There are a couple of places in audio where we want to know the maximum value of a moving window.
The most straightforward way to calculate this would be to keep all the recent history we need in a buffer. When we need to get the maximum value, we just loop through the recent history to get it:
This would be slow, because you have to loop through that range every sample - and takes more work the longer our period is.
Fortunately, there's a fairly well-known solution to this, which takes O(1) time... on average. The key is to split the region into two sections, which we'll call "front" and "back":
If we have a maximum value for both regions, the result we need is just the maximum of those two.
Adding samples to the front
To add new samples to the front and get an updated front-maximum, you just take the maximum of the previous front-region and the new samples.
Removing samples from the back
This is a bit more fiddly, because we can't really calculate it on-the-fly. What we want is a sequence of overlapping maximum ranges, and when we drop a sample we just move onto the next one:
Calculating these maximums individually would be slow - but calculating them all at once is pretty efficient, since we can do a cumulative maximum in reverse. But when do we calculate this?
Moving the boundary
At some point if we keep popping samples off the back, the back region is going to end up empty:
At this point, we move the boundary - this is also the moment when we calculate our reverse-cumulative-max sequence for the back region.
Here's some example C++ code:
If you know the maximum total length of your window, your front and back buffers could share the same buffer:
Additionally, if you wanted to be able to push samples onto the back or pop them from the front, you'd need to store a rolling maximum for the front half, and samples for the back half. The code above only lets us move the window forwards.
In terms of complexity, this is O(1) - but only on average. Most updates are very cheap, but every
backSequence is empty),
.popBack() has to iterate through all
frontSamples, as we construct the reverse-cumulative-max for the new back region.
There are a few alternatives with similar properties. I'm not going to examine it in as much detail, but one of my favourites essentially maintains a run-length-encoded future output:
When we get a new input sample, we erase any parts of this future output which would be below this:
This also has O(1) average complexity, but rather than having a predictable spike in computation every
This run-length approach was what I used until recently, when I came across...
This scheme is a variation of the two-stacks method. Instead of splitting into two parts, we split into three:
An essential property is that this "working" region needs to be half the total length.

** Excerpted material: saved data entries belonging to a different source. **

(* Let $\beta>2\alpha>0$ with $\beta+2\alpha>1$, and let $\varphi_N(x)=\frac12x^TAx-\sum_{k=1}^{s_N}\log\cosh(x^TAe_k)$ for $x\in\mathbb{R}^{s_N}$. Then $\varphi_N$ attains its minimum at $x=\overrightarrow{m}^*$ and at $x=-\overrightarrow{m}^*$, where $\overrightarrow{m}^*=(m^*,\dots,m^* )\in\mathbb{R}^{s_N}$ and $m^*=m^*(\beta+2\alpha)$ is the largest solution of $x=\tanh((\beta+2\alpha)x)$.
   Context: $A$ is the $s_N\times s_N$ symmetric circulant matrix $A=\beta I+\alpha(P+P^T)$, where $P$ is the cyclic shift matrix (so $A_{kk}=\beta$, $A_{k,k\pm1}=\alpha$ with indices mod $s_N$); $e_k$ are the standard basis vectors of $\mathbb{R}^{s_N}$. *)

theory Defs
  imports Complex_Main
begin

text \<open>Vectors in R^n are functions nat \<Rightarrow> real, only indices below n matter.
  The circulant matrix A = beta I + alpha (P + P^T), P the cyclic shift (indices mod n).\<close>

definition shiftP :: "nat \<Rightarrow> nat \<Rightarrow> nat \<Rightarrow> real" where
  "shiftP n i j = (if j = Suc i mod n then 1 else 0)"

definition circA :: "nat \<Rightarrow> real \<Rightarrow> real \<Rightarrow> nat \<Rightarrow> nat \<Rightarrow> real" where
  "circA n \<alpha> \<beta> i j = \<beta> * (if i = j then 1 else 0) + \<alpha> * (shiftP n i j + shiftP n j i)"

definition phiN :: "nat \<Rightarrow> real \<Rightarrow> real \<Rightarrow> (nat \<Rightarrow> real) \<Rightarrow> real" where
  "phiN n \<alpha> \<beta> x =
     (1/2) * (\<Sum>i<n. \<Sum>j<n. x i * circA n \<alpha> \<beta> i j * x j)
     - (\<Sum>k<n. ln (cosh (\<Sum>i<n. x i * circA n \<alpha> \<beta> i k)))"

end

theory Submission
  imports Defs "HOL-Analysis.Analysis"
begin

text \<open>Put \<open>c = \<beta> + 2\<alpha>\<close>. Because \<open>\<beta> \<ge> 2\<alpha>\<close>, the matrix \<open>A\<close> is positive semidefinite with
  largest eigenvalue \<open>c\<close>. Given \<open>x\<close>, let \<open>z = tanh (A x)\<close> componentwise; then
  \<open>(x - z)\<^sup>T A (x - z) \<ge> 0\<close> and \<open>z\<^sup>T A z \<le> c |z|\<^sup>2\<close>, and the tangent inequality of the convex
  function \<open>ln \<circ> cosh\<close> at \<open>(A x)\<^sub>k\<close> evaluated at \<open>c z\<^sub>k\<close> give
  \<open>\<phi>\<^sub>N(x) \<ge> \<Sum>\<^sub>k E(z\<^sub>k)\<close> with \<open>E(s) = c s\<^sup>2/2 - ln cosh (c s)\<close>.
  The even function \<open>E\<close> has derivative \<open>c (s - tanh (c s))\<close>, which by concavity of \<open>tanh\<close>
  on \<open>[0, \<infinity>)\<close> is \<open>\<le> 0\<close> on \<open>[0, m\<^sup>*]\<close> and, \<open>m\<^sup>*\<close> being the largest fixed point, \<open>\<ge> 0\<close>
  beyond; so \<open>E \<ge> E(m\<^sup>*)\<close>. Finally \<open>\<phi>\<^sub>N(\<plusminus>m\<^sup>*, \<dots>, \<plusminus>m\<^sup>*) = s\<^sub>N E(m\<^sup>*)\<close>.\<close>

lemma has_real_derivative_ln_cosh:
  "((\<lambda>u. ln (cosh u)) has_real_derivative tanh x) (at (x::real))"
  by (rule derivative_eq_intros refl | simp add: tanh_def divide_simps)+

lemma convex_on_ln_cosh: "convex_on UNIV (\<lambda>u::real. ln (cosh u))"
proof (rule f''_ge0_imp_convex)
  show "((\<lambda>u. ln (cosh u)) has_real_derivative tanh x) (at x)" for x :: real
    by (rule has_real_derivative_ln_cosh)
  show "(tanh has_real_derivative 1 - tanh x ^ 2) (at x)" for x :: real
    by (rule derivative_eq_intros refl | simp)+
  show "0 \<le> 1 - tanh x ^ 2" for x :: real
    using tanh_real_bounds[of x] by (simp add: abs_square_le_1 abs_le_iff)
qed auto

lemma ln_cosh_ge_tangent: "ln (cosh y) + tanh y * (u - y) \<le> ln (cosh (u::real))"
proof -
  have "tanh y * (u - y) \<le> ln (cosh u) - ln (cosh y)"
    by (rule convex_on_imp_above_tangent[OF convex_on_ln_cosh])
      (auto intro: has_real_derivative_ln_cosh)
  then show ?thesis by simp
qed

lemma concave_on_tanh_nonneg: "concave_on {0..} (tanh :: real \<Rightarrow> real)"
proof (rule f''_le0_imp_concave)
  show "(tanh has_real_derivative 1 - tanh x ^ 2) (at x)" for x :: real
    by (rule derivative_eq_intros refl | simp)+
  show "((\<lambda>x. 1 - tanh x ^ 2) has_real_derivative - 2 * tanh x * (1 - tanh x ^ 2)) (at x)" for x :: real
    by (rule derivative_eq_intros refl | simp)+
  show "- 2 * tanh x * (1 - tanh x ^ 2) \<le> 0" if "x \<in> {0..}" for x :: real
    using that tanh_real_bounds[of x] by (simp add: abs_square_le_1 abs_le_iff)
qed auto
lemma sqdist_unit_vec:
  assumes "a < k" "b < k" "a \<noteq> b"
  shows "sqdist k (unit_vec a) (unit_vec b) = 2"
proof -
  have "sqdist k (unit_vec a) (unit_vec b) = (\<Sum>c<k. if c \<in> {a, b} then 1 else 0)"
    unfolding sqdist_def using assms by (intro sum.cong refl) (auto simp: unit_vec_def)
  also have "\<dots> = (\<Sum>c\<in>{a, b}. 1)"
    using assms by (intro sum.mono_neutral_cong_right) auto
  finally show ?thesis using assms by simp
qed

lemma tri_point_embedding:
  "isometric_embedding (tri_vertices r) (tri_edges r) (tri_dist r) (Suc r) tri_point"
  by (rule isometric_embedding_edge_length)
    (auto simp: tri_vertices_def tri_point_def intro!: bernstein_vec_eq_0)

lemma distance_function_tri_dist: "distance_function (tri_vertices r) (tri_edges r) (tri_dist r)"
  by (rule distance_function_edge_length) (rule tri_edges_doubleton)

section \<open>Rigidity of the realizations of the grid distance\<close>

context
  fixes r k :: nat and \<phi> :: "nat \<times> nat \<Rightarrow> nat \<Rightarrow> real"
  assumes emb: "isometric_embedding (tri_vertices r) (tri_edges r) (tri_dist r) k \<phi>"
begin

lemma sqdist_edge:
  assumes "{u, v} \<in> tri_edges r"
  shows "sqdist k (\<phi> u) (\<phi> v) = sqdist (Suc r) (tri_point u) (tri_point v)"
proof (rule sqdist_eq_if_l2dist_eq)
  show "l2dist k (\<phi> u) (\<phi> v) = l2dist (Suc r) (tri_point u) (tri_point v)"
    using emb assms unfolding isometric_embedding_def edge_length_doubleton by blast
qed

lemma embedding_mean:
  assumes "(i, j) \<in> tri_vertices r" "i < j" "c < k"
  shows "\<phi> (i, j) c = (\<phi> (i, j - 1) c + \<phi> (Suc i, j) c) / 2"
proof (rule midpoint_if_sqdist_quarter[OF _ _ \<open>c < k\<close>])
  note triangle = tri_edges_triangle[OF assms(1,2)]
  have "sqdist (Suc r) (tri_point (i, j - 1)) (tri_point (i, j))
      = sqdist (Suc r) (tri_point (i, j - 1)) (tri_point (Suc i, j)) / 4"
    "sqdist (Suc r) (tri_point (i, j)) (tri_point (Suc i, j))
      = sqdist (Suc r) (tri_point (i, j - 1)) (tri_point (Suc i, j)) / 4"
    using tri_point_mean[OF \<open>i < j\<close>] by (rule sqdist_to_midpoint)+
  with sqdist_edge[OF triangle(1)] sqdist_edge[OF triangle(2)] sqdist_edge[OF triangle(3)]
  show "sqdist k (\<phi> (i, j - 1)) (\<phi> (i, j)) = sqdist k (\<phi> (i, j - 1)) (\<phi> (Suc i, j)) / 4"
    "sqdist k (\<phi> (i, j)) (\<phi> (Suc i, j)) = sqdist k (\<phi> (i, j - 1)) (\<phi> (Suc i, j)) / 4"
    by simp_all
qed

lemma tri_mean_value_sqdist_defect:
  "tri_mean_value r (\<lambda>u v. sqdist k (\<phi> u) (\<phi> v) - sqdist (Suc r) (tri_point u) (tri_point v))"
proof
  fix i j and z :: "nat \<times> nat"
  assume ij: "(i, j) \<in> tri_vertices r" "i < j"
  have "sqdist k (\<phi> z) (\<phi> (i, j)) = (sqdist k (\<phi> z) (\<phi> (i, j - 1)) + sqdist k (\<phi> z) (\<phi> (Suc i, j))) / 2
      - sqdist k (\<phi> (i, j - 1)) (\<phi> (Suc i, j)) / 4"
    using embedding_mean[OF ij] by (rule sqdist_midpoint)
  moreover have "sqdist (Suc r) (tri_point z) (tri_point (i, j))
      = (sqdist (Suc r) (tri_point z) (tri_point (i, j - 1)) + sqdist (Suc r) (tri_point z) (tri_point (Suc i, j))) / 2
      - sqdist (Suc r) (tri_point (i, j - 1)) (tri_point (Suc i, j)) / 4"
    using tri_point_mean[OF \<open>i < j\<close>] by (rule sqdist_midpoint)
  ultimately show "sqdist k (\<phi> z) (\<phi> (i, j)) - sqdist (Suc r) (tri_point z) (tri_point (i, j)) =
    (sqdist k (\<phi> z) (\<phi> (i, j - 1)) - sqdist (Suc r) (tri_point z) (tri_point (i, j - 1)) +
     (sqdist k (\<phi> z) (\<phi> (Suc i, j)) - sqdist (Suc r) (tri_point z) (tri_point (Suc i, j)))) / 2"
    using sqdist_edge[OF tri_edges_triangle(3)[OF ij]] by (simp add: field_simps)
qed (auto simp: sqdist_commute sqdist_edge)

lemma embedding_dim_ge: "r - 1 \<le> k"
proof -
  interpret defect: tri_mean_value r
    "\<lambda>u v. sqdist k (\<phi> u) (\<phi> v) - sqdist (Suc r) (tri_point u) (tri_point v)"
    by (rule tri_mean_value_sqdist_defect)
  have "sqdist k (\<phi> (a, a)) (\<phi> (b, b)) = 2" if "a \<in> {1..r}" "b \<in> {1..r}" "a \<noteq> b" for a b
    using defect.eq_0[of "(a, a)" "(b, b)"] that
    by (simp add: tri_vertices_iff tri_point_diag sqdist_unit_vec)
  then have "card {1..r} \<le> Suc k"
    by (intro card_le_Suc_if_pairwise_sqdist[where x = "\<lambda>a. \<phi> (a, a)" and \<delta> = 2]) auto
  then show ?thesis by simp
qed

end

theorem mainTheorem4:
  fixes r :: nat
  shows "enat (r - 1) \<le> f2 (tri_vertices r) (tri_edges r)"
proof -
  let ?V = "tri_vertices r" and ?E = "tri_edges r"
  have embeddable: "embeddable ?V ?E (tri_dist r) (Suc r)"
    using tri_point_embedding by (auto simp: embeddable_def)
  then obtain \<phi> where "isometric_embedding ?V ?E (tri_dist r) (f2_dist ?V ?E (tri_dist r)) \<phi>"
    using embeddable_f2_dist unfolding embeddable_def by blast
  then have "r - 1 \<le> f2_dist ?V ?E (tri_dist r)"
    by (rule embedding_dim_ge)
  moreover have "enat (f2_dist ?V ?E (tri_dist r)) \<le> f2 ?V ?E"
    using distance_function_tri_dist embeddable by (rule f2_dist_le_f2)
  ultimately show ?thesis
    by (metis enat_ord_simps(1) order_trans)
qed

end
lemma exists_min_degree_subhypergraph:
  fixes nd :: "'r \<Rightarrow> 'v set"
  assumes "finite V" "\<forall>r\<in>R. nd r \<subseteq> V" "(k - 1) * card V < card R"
  shows "\<exists>W\<subseteq>V. induced_edges R nd W \<noteq> {} \<and> (\<forall>v\<in>W. k \<le> hdegree R nd W v)"
proof -
  have "finite R" using assms(3) by (intro card_ge_0_finite) linarith
  \<comment> \<open>A smallest dense \<open>W\<close> has minimum degree \<open>k\<close>: deleting a vertex of smaller degree keeps it dense.\<close>
  let ?dense = "\<lambda>W. W \<subseteq> V \<and> (k - 1) * card W < card (induced_edges R nd W)"
  have "induced_edges R nd V = R"
    using assms(2) unfolding induced_edges_def by auto
  with assms(3) have "?dense V" by simp
  then obtain W where W: "?dense W" and least: "\<And>W'. ?dense W' \<Longrightarrow> card W \<le> card W'"
    using ex_has_least_nat[of ?dense V card] by blast
  have "k \<le> hdegree R nd W v" if v: "v \<in> W" for v
  proof (rule ccontr)
    assume "\<not> k \<le> hdegree R nd W v"
    then have deg: "hdegree R nd W v \<le> k - 1" by simp
    have fW: "finite W" using W assms(1) finite_subset by blast
    then obtain c where c: "card W = Suc c" using v by (metis card_Suc_Diff1)
    have "hdegree R nd W v \<le> card (induced_edges R nd W)"
      unfolding hdegree_def induced_edges_def by (rule card_mono) (use \<open>finite R\<close> in auto)
    moreover have "(k - 1) * card W = (k - 1) * c + (k - 1)" using c by simp
    ultimately have "?dense (W - {v})"
      using W deg c v fW by (auto simp: card_induced_edges_remove[OF \<open>finite R\<close> v])
    with least have "card W \<le> card (W - {v})" .
    with c v show False by simp
  qed
  moreover have "induced_edges R nd W \<noteq> {}" using W by auto
  ultimately show ?thesis using W by blast
qed

text \<open>A cherry \<open>(w, x, x')\<close> is the path \<open>x - w - x'\<close>; \<open>x = x'\<close> is allowed.\<close>

definition cherries :: "('a \<times> 'b) set \<Rightarrow> ('b \<times> 'a \<times> 'a) set" where
  "cherries E = {(w, x, x'). (x, w) \<in> E \<and> (x', w) \<in> E}"

fun cherry_verts :: "'b \<times> 'a \<times> 'a \<Rightarrow> ('a \<times> 'b + 'a \<times> 'a) set" where
  "cherry_verts (w, x, x') = {Inl (x, w), Inl (x', w), Inr (x, x')}"

lemma exists_not_in_if_card_less:
  assumes "finite B" "card B < card D"
  shows "\<exists>d\<in>D. d \<notin> B"
  using assms card_mono leD by blast

lemma cherry_at_edge_vertex:
  assumes "finite U" "2 * card U < hdegree (cherries E) cherry_verts W (Inl (a, w))"
  shows "\<exists>x x' a'. Inr (x, x') \<in> W \<and> {x, x'} = {a, a'} \<and> a' \<notin> U \<and> (a', w) \<in> E"
proof -
  let ?bad = "(\<lambda>x. (w, a, x)) ` U \<union> (\<lambda>x. (w, x, a)) ` U"
  have "card ?bad \<le> card U + card U"
    using card_Un_le[of "(\<lambda>x. (w, a, x)) ` U"] card_image_le[OF assms(1)] by (meson add_mono le_trans)
  with assms have "\<exists>c\<in>{c \<in> induced_edges (cherries E) cherry_verts W. Inl (a, w) \<in> cherry_verts c}. c \<notin> ?bad"
    unfolding hdegree_def by (intro exists_not_in_if_card_less) auto
  then obtain x x' where "Inr (x, x') \<in> W" "(x, w) \<in> E" "(x', w) \<in> E"
      "(x = a \<and> x' \<notin> U) \<or> (x' = a \<and> x \<notin> U)"
    unfolding induced_edges_def cherries_def by auto
  then show ?thesis by (metis insert_commute)
qed

lemma cherry_at_pair_vertex:
  assumes "finite B" "card B < hdegree (cherries E) cherry_verts W (Inr (x, x'))"
  shows "\<exists>w'. w' \<notin> B \<and> (x, w') \<in> E \<and> (x', w') \<in> E \<and> Inl (x, w') \<in> W \<and> Inl (x', w') \<in> W"
proof -
  let ?bad = "(\<lambda>w'. (w', x, x')) ` B"
  have "card ?bad \<le> card B" using assms(1) by (rule card_image_le)
  with assms have "\<exists>c\<in>{c \<in> induced_edges (cherries E) cherry_verts W. Inr (x, x') \<in> cherry_verts c}. c \<notin> ?bad"
    unfolding hdegree_def by (intro exists_not_in_if_card_less) auto
  then show ?thesis
    unfolding induced_edges_def cherries_def by auto
qed

text \<open>Rungs \<open>u i - w i\<close> joined crosswise; the ladder vertex \<open>x\<^sub>i\<close> is \<open>u i\<close> for even \<open>i\<close> and
  \<open>w i\<close> for odd \<open>i\<close>.\<close>

definition ladder_seq :: "('a \<times> 'b) set \<Rightarrow> nat \<Rightarrow> (nat \<Rightarrow> 'a) \<Rightarrow> (nat \<Rightarrow> 'b) \<Rightarrow> bool" where
  "ladder_seq E m u w \<longleftrightarrow> inj_on u {..<m} \<and> inj_on w {..<m} \<and> (\<forall>i<m. (u i, w i) \<in> E) \<and>
     (\<forall>i. Suc i < m \<longrightarrow> (u i, w (Suc i)) \<in> E \<and> (u (Suc i), w i) \<in> E)"

lemma ladder_seq_snoc:
  assumes "ladder_seq E (Suc m) u w" "a \<notin> u ` {..m}" "b \<notin> w ` {..m}"
    "(a, b) \<in> E" "(a, w m) \<in> E" "(u m, b) \<in> E"
  shows "ladder_seq E (Suc (Suc m)) (u(Suc m := a)) (w(Suc m := b))"
proof -
  have "{..<Suc (Suc m)} = insert (Suc m) {..m}" by auto
  with assms show ?thesis
    unfolding ladder_seq_def lessThan_Suc_atMost by (auto simp: inj_on_def less_Suc_eq)
qed

lemma contains_ladder_if_ladder_seq:
  assumes "E \<subseteq> X \<times> Y" "ladder_seq E t u w"
  shows "contains_ladder X Y E t"
proof -
  define f where "f p = (if fst p = odd (snd p) then Inl (u (snd p)) else Inr (w (snd p)))"
    for p :: "bool \<times> nat"
  have "inj_on f (ladder_verts t)"
    using assms(2) unfolding ladder_seq_def ladder_verts_def f_def
    by (auto simp: inj_on_def split: if_splits)
  moreover have "f ` ladder_verts t \<subseteq> Inl ` X \<union> Inr ` Y"
    using assms unfolding ladder_seq_def ladder_verts_def f_def by auto
  moreover have "bip_adj E (f p) (f q)" if "ladder_edge t p q" for p q
    using assms(2) that unfolding ladder_seq_def ladder_edge_def ladder_verts_def f_def bip_adj_def
    by (cases p; cases q) auto
  ultimately show ?thesis
    unfolding contains_ladder_def by blast
qed

lemma ladder_seq_in_core:
  assumes edges: "Inl -` W \<subseteq> E" and start: "induced_edges (cherries E) cherry_verts W \<noteq> {}"
    and deg: "\<forall>v\<in>W. 2 * t \<le> hdegree (cherries E) cherry_verts W v" and "Suc m \<le> t"
  shows "\<exists>u w. ladder_seq E (Suc m) u w \<and> Inl (u m, w m) \<in> W"
  using \<open>Suc m \<le> t\<close>
proof (induction m)
  case 0
  from start obtain c where "c \<in> cherries E" "cherry_verts c \<subseteq> W"
    unfolding induced_edges_def by auto
  then obtain a w where "Inl (a, w) \<in> W" by (cases c) auto
  with edges have "ladder_seq E (Suc 0) (\<lambda>_. a) (\<lambda>_. w) \<and> Inl (a, w) \<in> W"
    unfolding ladder_seq_def lessThan_Suc by auto
  then show ?case by blast
next
  case (Suc m)
  then obtain u w where seq: "ladder_seq E (Suc m) u w" and last: "Inl (u m, w m) \<in> W" by auto
  have small: "card (u ` {..m}) < t" "card (w ` {..m}) < t"
    using card_image_le[of "{..m}" u] card_image_le[of "{..m}" w] Suc.prems by simp_all
  obtain x x' a' where pair: "Inr (x, x') \<in> W" "{x, x'} = {u m, a'}" and
    a': "a' \<notin> u ` {..m}" "(a', w m) \<in> E"
    using cherry_at_edge_vertex[of "u ` {..m}" E W "u m" "w m"] small(1) deg last by fastforce
  obtain b where b: "b \<notin> w ` {..m}" "(x, b) \<in> E" "(x', b) \<in> E" "Inl (x, b) \<in> W" "Inl (x', b) \<in> W"
    using cherry_at_pair_vertex[of "w ` {..m}" E W x x'] small(2) deg pair(1) by fastforce
  have "(u m, b) \<in> E" "Inl (a', b) \<in> W"
    using pair(2) b by (auto simp: doubleton_eq_iff)
  with a' b(1) edges have "ladder_seq E (Suc (Suc m)) (u(Suc m := a')) (w(Suc m := b))"
    by (intro ladder_seq_snoc[OF seq]) auto
  with \<open>Inl (a', b) \<in> W\<close> show ?case by fastforce
qed

definition degY :: "('a \<times> 'b) set \<Rightarrow> 'b \<Rightarrow> nat" where
  "degY E w = card {x. (x, w) \<in> E}"

lemma card_edges_eq_sum_degX:
  assumes "bip_graph X Y E"
  shows "card E = (\<Sum>x\<in>X. degX E x)"
proof -
  have fin: "finite X" "\<forall>x\<in>X. finite {y. (x, y) \<in> E}" and E: "E = Sigma X (\<lambda>x. {y. (x, y) \<in> E})"
    using assms unfolding bip_graph_def by (auto intro: finite_subset[of _ Y])
  have "card E = card (Sigma X (\<lambda>x. {y. (x, y) \<in> E}))"
    using arg_cong[OF E] .
  with fin show ?thesis
    unfolding degX_def by simp
qed

lemma card_edges_eq_sum_degY:
  assumes "bip_graph X Y E"
  shows "card E = (\<Sum>w\<in>Y. degY E w)"
proof -
  have fin: "finite Y" "\<forall>w\<in>Y. finite {x. (x, w) \<in> E}"
    and E: "E = (\<lambda>(w, x). (x, w)) ` Sigma Y (\<lambda>w. {x. (x, w) \<in> E})"
    using assms unfolding bip_graph_def by (auto intro: finite_subset[of _ X])
  have "card E = card (Sigma Y (\<lambda>w. {x. (x, w) \<in> E}))"
    by (subst E, rule card_image) (auto simp: inj_on_def)
  with fin show ?thesis
    unfolding degY_def by simp
qed

lemma card_cherries:
  assumes "bip_graph X Y E"
  shows "card (cherries E) = (\<Sum>w\<in>Y. degY E w ^ 2)"
proof -
  have fin: "finite Y" "\<forall>w\<in>Y. finite {x. (x, w) \<in> E}"
    and "cherries E = Sigma Y (\<lambda>w. {x. (x, w) \<in> E} \<times> {x. (x, w) \<in> E})"
    using assms unfolding bip_graph_def cherries_def by (auto intro: finite_subset[of _ X])
  then show ?thesis
    unfolding degY_def by (simp add: card_cartesian_product power2_eq_square)
qed

lemma ladder_density_arith:
  fixes e n x t :: real
  assumes t: "t \<ge> 1" and n: "n \<ge> 1" and "x \<ge> 0" and e: "20 * t * n \<le> e"
    and x: "x * (20 * t * sqrt n) \<le> e"
  shows "(2 * t - 1) * (e + x^2) < e^2 / n"
proof -
  have "t \<le> t * n" using mult_left_mono[OF n, of t] t by simp
  with t e have "e > 0" by linarith
  have "(2 * t - 1) * (e * n) < (2 * t) * (e * n)"
    using \<open>e > 0\<close> n by (intro mult_strict_right_mono) auto
  also have "\<dots> = e * (20 * t * n) / 10" by simp
  also have "\<dots> \<le> e * e / 10"
    using \<open>e > 0\<close> e by (simp add: mult_left_mono mult.commute mult.left_commute)
  finally have edges: "(2 * t - 1) * e * n < e^2 / 10"
    by (simp add: power2_eq_square mult.assoc)
  have "(x * (20 * t * sqrt n))^2 \<le> e^2"
    using x \<open>x \<ge> 0\<close> t n by (intro power_mono) auto
  then have "400 * t^2 * (x^2 * n) \<le> e^2"
    using n by (simp add: power_mult_distrib algebra_simps)
  moreover have "2 * t - 1 \<le> 4 * t^2"
    using mult_left_mono[OF t, of t] t unfolding power2_eq_square by linarith
  then have "(2 * t - 1) * (x^2 * n) \<le> 4 * t^2 * (x^2 * n)"
    using n by (intro mult_right_mono) auto
  ultimately have pairs: "(2 * t - 1) * x^2 * n \<le> e^2 / 100"
    by (simp add: mult.assoc)
  have "(2 * t - 1) * (e + x^2) * n = (2 * t - 1) * e * n + (2 * t - 1) * x^2 * n"
    by (simp add: algebra_simps)
  also have "\<dots> < e^2 / 10 + e^2 / 100"
    using edges pairs by linarith
  also have "\<dots> < e^2"
    using \<open>e > 0\<close> by simp
  finally have "(2 * t - 1) * (e + x^2) * n < e^2" .
  then show ?thesis
    using n by (simp add: pos_less_divide_eq)
qed

lemma many_cherries:
  assumes G: "bip_graph X Y E" and "Y \<noteq> {}" and t: "t \<ge> 1"
    and edges: "20 * real t * real (card Y) \<le> real (card E)"
    and deg: "\<forall>x\<in>X. 20 * real t * sqrt (real (card Y)) \<le> real (degX E x)"
  shows "(2 * t - 1) * card (E <+> X \<times> X) < card (cherries E)"
proof -
  have fin: "finite X" "finite Y" "finite E"
    using G unfolding bip_graph_def by (auto intro: finite_subset)
  have n: "real (card Y) \<ge> 1"
    using fin(2) \<open>Y \<noteq> {}\<close> by (simp add: Suc_leI card_gt_0_iff)
  have "(real (card E))^2 \<le> real (card (cherries E)) * real (card Y)"
    using sum_squared_le_sum_of_squares[of "\<lambda>w. real (degY E w)" Y]
    by (simp add: card_edges_eq_sum_degY[OF G] card_cherries[OF G])
  with n have cherries: "(real (card E))^2 / real (card Y) \<le> real (card (cherries E))"
    by (simp add: pos_divide_le_eq)
  have "real (card X) * (20 * real t * sqrt (real (card Y))) \<le> (\<Sum>x\<in>X. real (degX E x))"
    using deg by (intro sum_bounded_below) auto
  then have X: "real (card X) * (20 * real t * sqrt (real (card Y))) \<le> real (card E)"
    by (simp add: card_edges_eq_sum_degX[OF G])
  have "real (2 * t - 1) * real (card (E <+> X \<times> X)) = (2 * real t - 1) * (real (card E) + (real (card X))^2)"
    using t fin by (simp add: card_Plus card_cartesian_product of_nat_diff power2_eq_square)
  also have "\<dots> < (real (card E))^2 / real (card Y)"
    using t n edges X by (intro ladder_density_arith) auto
  finally show ?thesis
    using cherries by (simp flip: of_nat_mult)
qed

At the moment when our back region is empty and we swap the regions over:
... the working is the same length as the back region. We use this to avoid calculating our reverse-cumulative-max all at once, and instead calculate it gradually at the same time as we consume the back region.
Here's an animation of what that might look like:
We no longer have a big (length-dependent!) computational spike when we swap the regions over. This means our algorithm is consistently O(1), instead of on average, which is good for real-time system.
Because the working region has to be the same length as the back region in order to spread the calculations out evenly, changing the length is tricky. We also have to be a little careful with odd-sized lengths.
For my implementation, I wanted to still support unbalanced push/pop to change lengths, so I put in extra checks when swapping regions:
- If the middle section is longer than the back section, push half of the surplus back into the front. Then, recalculate the front's maximum, and enough of the middle's reverse-cumulative-sum for it to finish on time.
- If the new back section is empty, swap again. If the back section is still empty, you've popped from an empty list, so fail gracefully.
- Some extra checks to support size 0
Even though you sometimes have to do a bigger chunk of work, it remains average-O(1) - as well as being constant-O(1) complexity in the constant-size case. I'm pretty happy with this. 🙂
Why is this interesting?
While any opportunity for an animated graph is enough to justify a blog-post 😛, I've used peak-hold envelope followers recently when writing a limiter - which I've now written up as its own article.
But in particular, the constant-O(1) approach is good for real-time audio effects, where you don't really want sudden bursts of calculation in your real-time audio effect if you can avoid it. This is now the implementation I use in my DSP library.